«Почему ты другая?» – спрашивал он, стараясь заглянуть ей в лицо. А она сидела, сцепив пальцы в замок, и горестно качала опущенной головой: «Почему ты другой?» Он слизывал слезы с ее теплых коленей, сосны качались за окном, трепетал огонь в печке, освещая темноту неровными всполохами… Господи, какая чепуха – «разные взгляды на вещи», наплевать на взгляды, когда у нас разные сознания! ДРУГОЕ сознание, непоправимо ДРУГОЕ, изначально и навсегда отдельное, никому не доступное, только Богу доступное! И значит, любящий никогда не будет владеть любимым целиком, а только частично, и невозможно с этой чудовищной мыслью жить дальше, если она доходит до сердца, непосильна эта мысль, нельзя, не разрушив себя, принять ее, пока Ева, ее причина, жива, но даже если он убьет невольную свою мучительницу, сотрет с лица земли, то ничего не изменится, потому что она уйдет, оставшись недосягаемой, и стало быть, он уничтожит следствие, а не причину. «Ева, не могу смириться с тем, что ты есть, хочу, чтобы тебя никогда не существовало, и чтобы я был ТАМ с тобой. В никогда. Или во всегда». – «Это одно и то же». – «Мне без разницы, только не будь отдельной. Стань мною, Ева, или позволь мне стать тобою. Я ненавижу твою отдельность!» Ева молчала, и ее босые ступни тонули в чужих тапках с примятыми задниками, а он, раздражаясь и свирепея, тряс ее за плечи: «Почему ты молчишь?» Она огрызалась, говорила, что на самом деле он ищет лишь подтверждения себя в другом, он кричал «дура!», она хамила в ответ на его грубость и уже делала свою кошачью стойку, нацеливаясь на ворот его рубашки, и, когда сил продолжать уже не оставалось, он, схватив ее за руки, крепко сжимал запястья: «Ева, детка, сука, но я люблю тебя!», а потом, обернувшись в плед, дурашливо, по-страусиному поднимая голые ноги, бежал на заиндевевшую веранду, где в углу, за старой автомобильной покрышкой и садовым инвентарем стояла заначенная бутылка с остатками водки, и пока варилась на электроплитке картошка в мундире, они, как законченные дикари, с боевыми выкриками и комичными прыжками, бились на старых сковородках, издававших при ударе бесподобный протяжный гул, и уже в полном изнеможении, задыхаясь от сумасшедшего неостановимого хохота, валились в обнимку на пол.
И снова надо было уезжать.
Они шли между обмякших сугробов, мимо заколоченных мертвых домов, по неезженым дорогам, вязким топям, непроходимым лесам, пустынным побережьям, – по материкам, раскрашенным в зеленое и коричневое, сквозь пустые кружочки разбросанных городов и ненаселенных пунктов – два одичавших изгоя с безумной надеждой соединить друг с другом свою полноту, пока она не станет разрывать их изнутри – невозможная возможность сбыться в любви, через любовь – здесь и сейчас.

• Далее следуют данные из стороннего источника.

lemma exists_future_unit_orthogonal:
  assumes \<sigma>: "beta i0 \<sigma> \<sigma> = -1" and w: "beta i0 w \<sigma> = 0" "beta i0 w w > -1"
  obtains \<tau> where "beta i0 \<tau> \<tau> = 1" "\<tau> $ i0 > 0" "beta i0 \<tau> \<sigma> = 0"
    and "(beta i0 \<tau> w)\<^sup>2 < 1 + beta i0 w w"
proof -
  define u where "u = axis i0 1 + \<sigma> $ i0 *\<^sub>R \<sigma>"
  define \<alpha> where "\<alpha> = beta i0 w u"
  define t where "t = u + \<alpha> *\<^sub>R w"
  define B where "B = beta i0 w w"
  have u: "beta i0 u \<sigma> = 0" "beta i0 u u = 1 + (\<sigma> $ i0)\<^sup>2"
    using \<sigma> by (simp_all add: u_def power2_eq_square)
  have t: "beta i0 t \<sigma> = 0" "beta i0 t w = \<alpha> * (1 + B)"
    "beta i0 t t = beta i0 u u + \<alpha>\<^sup>2 * (2 + B)"
    using u w by (simp_all add: t_def \<alpha>_def B_def beta_commute[of i0 w u] algebra_simps
        power2_eq_square)
  have "\<alpha>\<^sup>2 * (2 + B) \<ge> 0"
    using w(2) by (simp add: B_def)
  then have T: "beta i0 t t > 0"
    using t(3) u(2) by (smt (verit) zero_le_power2)
  define r where "r = (if t $ i0 > 0 then 1 else -1) / sqrt (beta i0 t t)"
  have r: "r\<^sup>2 = 1 / beta i0 t t"
    using T by (simp add: r_def power_divide)
  show thesis
  proof
    show "beta i0 (r *\<^sub>R t) (r *\<^sub>R t) = 1"
      using r T by (simp add: power2_eq_square mult.assoc[symmetric])
    show "(r *\<^sub>R t) $ i0 > 0"
      using T timelike_time_component_nonzero[OF T] by (auto simp: r_def)
    show "beta i0 (r *\<^sub>R t) \<sigma> = 0"
      using t(1) by simp
    have "(1 + B) * beta i0 t t - (\<alpha> * (1 + B))\<^sup>2 = (1 + B) * (beta i0 u u + \<alpha>\<^sup>2)"
      by (simp add: t(3) power2_eq_square algebra_simps)
    also have "\<dots> > 0"
      using w(2) u(2) by (simp add: B_def add_pos_nonneg)
    finally have "(\<alpha> * (1 + B))\<^sup>2 / beta i0 t t < 1 + B"
      using T by (simp add: divide_less_eq)
    moreover have "(beta i0 (r *\<^sub>R t) w)\<^sup>2 = (\<alpha> * (1 + B))\<^sup>2 / beta i0 t t"
      using r t(2) by (simp add: power_mult_distrib)
    ultimately show "(beta i0 (r *\<^sub>R t) w)\<^sup>2 < 1 + beta i0 w w"
      by (simp add: B_def)
  qed
qed

lemma spacelike_pair_decomposition:
  assumes "(x, y) \<in> spacelike_pairs i0"
  obtains w \<sigma> and c :: real where "beta i0 \<sigma> \<sigma> = -1" "beta i0 w \<sigma> = 0"
    and "c > 0" "c\<^sup>2 = 1 + beta i0 w w" and "x = w + c *\<^sub>R \<sigma>" "y = w - c *\<^sub>R \<sigma>"
proof
  have xy: "beta i0 x x = -1" "beta i0 y y = -1" "beta i0 y x = beta i0 x y"
    using assms by (auto simp: spacelike_pairs_def deSitter_def beta_commute)
  have "beta i0 (x - y) (x - y) < 0"
    using assms by (simp add: spacelike_pairs_def)
  then have k: "1 + beta i0 x y > 0"
    using xy by simp
  define c where "c = sqrt ((1 + beta i0 x y) / 2)"
  show c: "c > 0"
    using k by (simp add: c_def)
  have k_eq: "beta i0 x y = 2 * c\<^sup>2 - 1"
    using k by (simp add: c_def field_simps)
  show "beta i0 ((1 / (2 * c)) *\<^sub>R (x - y)) ((1 / (2 * c)) *\<^sub>R (x - y)) = -1"
    using xy c by (simp add: k_eq power2_eq_square field_simps)
  show "beta i0 ((1 / 2) *\<^sub>R (x + y)) ((1 / (2 * c)) *\<^sub>R (x - y)) = 0"
    using xy by simp
  show "c\<^sup>2 = 1 + beta i0 ((1 / 2) *\<^sub>R (x + y)) ((1 / 2) *\<^sub>R (x + y))"
    using xy by (simp add: k_eq field_simps)
  show "x = (1 / 2) *\<^sub>R (x + y) + c *\<^sub>R (1 / (2 * c)) *\<^sub>R (x - y)"
    and "y = (1 / 2) *\<^sub>R (x + y) - c *\<^sub>R (1 / (2 * c)) *\<^sub>R (x - y)"
    using c by (simp_all add: vec_eq_iff field_simps)
qed

lemma Wplus_add_spacelike:
  assumes "i1 \<noteq> i0" and "p \<in> Wplus i0 i1" and "q \<in> Wplus i0 i1"
  shows "beta i0 (p + q) (p + q) < 0"
proof -
  have "\<bar>(p + q) $ i0\<bar> < (p + q) $ i1"
    using assms(2,3) by (auto simp: Wplus_iff)
  then have "\<bar>(p + q) $ i0\<bar>\<^sup>2 < ((p + q) $ i1)\<^sup>2"
    by (intro power_strict_mono) auto
  then show ?thesis
    using beta_le_two_coordinates[OF assms(1), of "p + q"] by simp
qed

lemma preimage_in_Wplus:
  assumes "preserves_beta i0 g" and "i1 \<noteq> i0"
    and "g *v axis i0 1 = \<tau> \<or> g *v axis i0 1 = - \<tau>" and "g *v axis i1 1 = \<sigma>"
    and "g *v p = v" and "beta i0 v v = -1" and "\<bar>beta i0 \<tau> v\<bar> < - beta i0 \<sigma> v"
  shows "p \<in> Wplus i0 i1"
proof -
  have "p $ i0 = beta i0 (g *v axis i0 1) v"
    using preserves_betaD[OF assms(1), of "axis i0 1" p] assms(5) by simp
  then have "\<bar>p $ i0\<bar> = \<bar>beta i0 \<tau> v\<bar>"
    using assms(3) by auto
  moreover have "p $ i1 = - beta i0 \<sigma> v"
    using preserves_betaD[OF assms(1), of "axis i1 1" p] assms(2,4,5) by simp
  moreover have "beta i0 p p = -1"
    using preserves_betaD[OF assms(1), of p p] assms(5,6) by simp
  ultimately show ?thesis
    using assms(7) by (simp add: Wplus_iff)
qed

lemma orbit_pairs_subset_spacelike_pairs:
  assumes "i1 \<noteq> i0" and "G \<subseteq> SO1d i0"
  shows "orbit_pairs G (Wplus i0 i1) \<subseteq> spacelike_pairs i0"
proof
  fix z assume "z \<in> orbit_pairs G (Wplus i0 i1)"
  then obtain g p q where z: "z = (g *v p, g *v (- q))" and "g \<in> G"
    and p: "p \<in> Wplus i0 i1" and q: "q \<in> Wplus i0 i1"
    unfolding orbit_pairs_def by auto
  then have g: "preserves_beta i0 g"
    using assms(2) SO1d_iff by blast
  have "g *v p - g *v (- q) = g *v (p + q)"
    by (simp add: vec.neg matrix_vector_right_distrib)
  then show "z \<in> spacelike_pairs i0"
    using Wplus_add_spacelike[OF assms(1) p q] p q preserves_betaD[OF g]
    by (simp add: z spacelike_pairs_def deSitter_def Wplus_iff)
qed

lemma spacelike_pairs_subset_orbit_pairs:
  assumes "i1 \<noteq> i0" and "G \<subseteq> SO1d i0"
    and frame: "\<And>\<tau> \<sigma>. beta i0 \<tau> \<tau> = 1 \<Longrightarrow> \<tau> $ i0 > 0 \<Longrightarrow> beta i0 \<sigma> \<sigma> = -1 \<Longrightarrow>
      beta i0 \<tau> \<sigma> = 0 \<Longrightarrow>
      \<exists>g\<in>G. (g *v axis i0 1 = \<tau> \<or> g *v axis i0 1 = - \<tau>) \<and> g *v axis i1 1 = \<sigma>"
  shows "spacelike_pairs i0 \<subseteq> orbit_pairs G (Wplus i0 i1)"
proof clarify
  fix x y assume xy: "(x, y) \<in> spacelike_pairs i0"
  then obtain w \<sigma> and c :: real where \<sigma>: "beta i0 \<sigma> \<sigma> = -1" "beta i0 w \<sigma> = 0"
    and c: "c > 0" "c\<^sup>2 = 1 + beta i0 w w" and x: "x = w + c *\<^sub>R \<sigma>" and y: "y = w - c *\<^sub>R \<sigma>"
    by (rule spacelike_pair_decomposition)
  have "beta i0 w w > -1"
    using c by (smt (verit) zero_less_power)
  then obtain \<tau> where \<tau>: "beta i0 \<tau> \<tau> = 1" "\<tau> $ i0 > 0" "beta i0 \<tau> \<sigma> = 0"
    and \<tau>w: "(beta i0 \<tau> w)\<^sup>2 < c\<^sup>2"
    using exists_future_unit_orthogonal[OF \<sigma>] c(2) by metis
  obtain g where "g \<in> G" and g: "g *v axis i0 1 = \<tau> \<or> g *v axis i0 1 = - \<tau>" "g *v axis i1 1 = \<sigma>"
    using frame[OF \<tau>(1,2) \<sigma>(1) \<tau>(3)] by blast
  then have "g \<in> SO1d i0"
    using assms(2) by blast
  then have gp: "preserves_beta i0 g" and "invertible g"
    by (simp_all add: SO1d_iff invertible_det_nz)
  then obtain h where gh: "g ** h = mat 1"
    unfolding invertible_def by blast
  have "\<bar>beta i0 \<tau> w\<bar> < c"
    using power2_less_imp_less[of "\<bar>beta i0 \<tau> w\<bar>" c] \<tau>w c(1) by simp
  moreover have "beta i0 x x = -1" "beta i0 y y = -1"
    using xy by (simp_all add: spacelike_pairs_def deSitter_def)
  ultimately have "h *v x \<in> Wplus i0 i1" and "h *v (- y) \<in> Wplus i0 i1"
    using \<tau>(3) \<sigma>
    by (auto intro!: preimage_in_Wplus[OF gp assms(1) g]
        simp: gh matrix_vector_mul_assoc x y beta_commute[of i0 \<sigma> w])
  moreover have "x = g *v (h *v x)" and "y = g *v (- (h *v (- y)))"
    by (simp_all add: gh matrix_vector_mul_assoc vec.neg)
  ultimately show "(x, y) \<in> orbit_pairs G (Wplus i0 i1)"
    unfolding orbit_pairs_def using \<open>g \<in> G\<close> by blast
qed

lemma orbit_pairs_eq_Union_wedges:
  "orbit_pairs (SO1d i0) (Wplus i0 i1) = (\<Union>W\<in>wedges i0 i1. W \<times> uminus ` W)"
  unfolding orbit_pairs_def wedges_def by (auto simp: vec.neg image_image) (metis imageI vec.neg)

theorem mainTheorem11:
  fixes i0 i1 :: "'n::finite"
  assumes "i0 \<noteq> i1"
  shows "spacelike_pairs i0 = orbit_pairs (SO1d i0) (Wplus i0 i1)
       \<and> spacelike_pairs i0 = (\<Union>W\<in>wedges i0 i1. W \<times> uminus ` W)
       \<and> (CARD('n) - 1 > 1 \<longrightarrow> spacelike_pairs i0 = orbit_pairs (SO1d_e i0) (Wplus i0 i1))"
proof -
  have i: "i1 \<noteq> i0"
    using assms by simp
  have "spacelike_pairs i0 = orbit_pairs (SO1d i0) (Wplus i0 i1)"
  proof
    show "spacelike_pairs i0 \<subseteq> orbit_pairs (SO1d i0) (Wplus i0 i1)"
      by (rule spacelike_pairs_subset_orbit_pairs[OF i order_refl]) (metis SO1d_frame[OF i])
    show "orbit_pairs (SO1d i0) (Wplus i0 i1) \<subseteq> spacelike_pairs i0"
      by (rule orbit_pairs_subset_spacelike_pairs[OF i order_refl])
  qed
  moreover have "spacelike_pairs i0 = orbit_pairs (SO1d_e i0) (Wplus i0 i1)"
    if "CARD('n) - 1 > 1"
  proof
    have "CARD('n) > 2"
      using that by simp
    then show "spacelike_pairs i0 \<subseteq> orbit_pairs (SO1d_e i0) (Wplus i0 i1)"
      by (intro spacelike_pairs_subset_orbit_pairs[OF i SO1d_e_subset]) (metis SO1d_e_frame i)
    show "orbit_pairs (SO1d_e i0) (Wplus i0 i1) \<subseteq> spacelike_pairs i0"
      by (rule orbit_pairs_subset_spacelike_pairs[OF i SO1d_e_subset])
  qed
  ultimately show ?thesis
    by (simp add: orbit_pairs_eq_Union_wedges)
qed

И тогда – крепко держа друг друга за руки, шагая рядом, каждый начнет предательски понимать, что это – не все, не весь ты, и значит, чертова сила неумолимо погонит искать то таинственное место, где ты будешь весь, целиком, и ты по-прежнему не можешь допустить, что ее (его) в этом месте не будет, что вообще что-то может быть вне ее. Как развязать, Господи, этот узел?
Долгие разговоры ничего не проясняли, вопросы и ответы запутывали еще больше, и длинные сияющие Евины глаза становились желтыми и круглыми, как у хищной птицы, и она, впадая в бессильную ярость, била его с размаху по лицу, и он, падая куда-то в тар-тарары, не оставался в долгу, а потом умывал ее, склонившуюся над раковиной, под струей холодной воды, заставлял высморкаться, обтирал лицо полотенцем и нес, прижимая к груди, в комнату. «Хорошо, милая, ты только помолчи сейчас, прошу тебя, не говори, что я – деспот, что ломаю тебя, помолчим, обними меня, моя родная». И они обнимались, свивались самозабвенно в общий клубок, замирали, и уже непонятно было, где кончается один и начинается другой, и казалось, еще чуть-чуть, еще покрепче обняться, и они слетят с этой орбиты навсегда, и бог освободит их наконец от необходимости сбываться по отдельности, сделает их «мужедевой».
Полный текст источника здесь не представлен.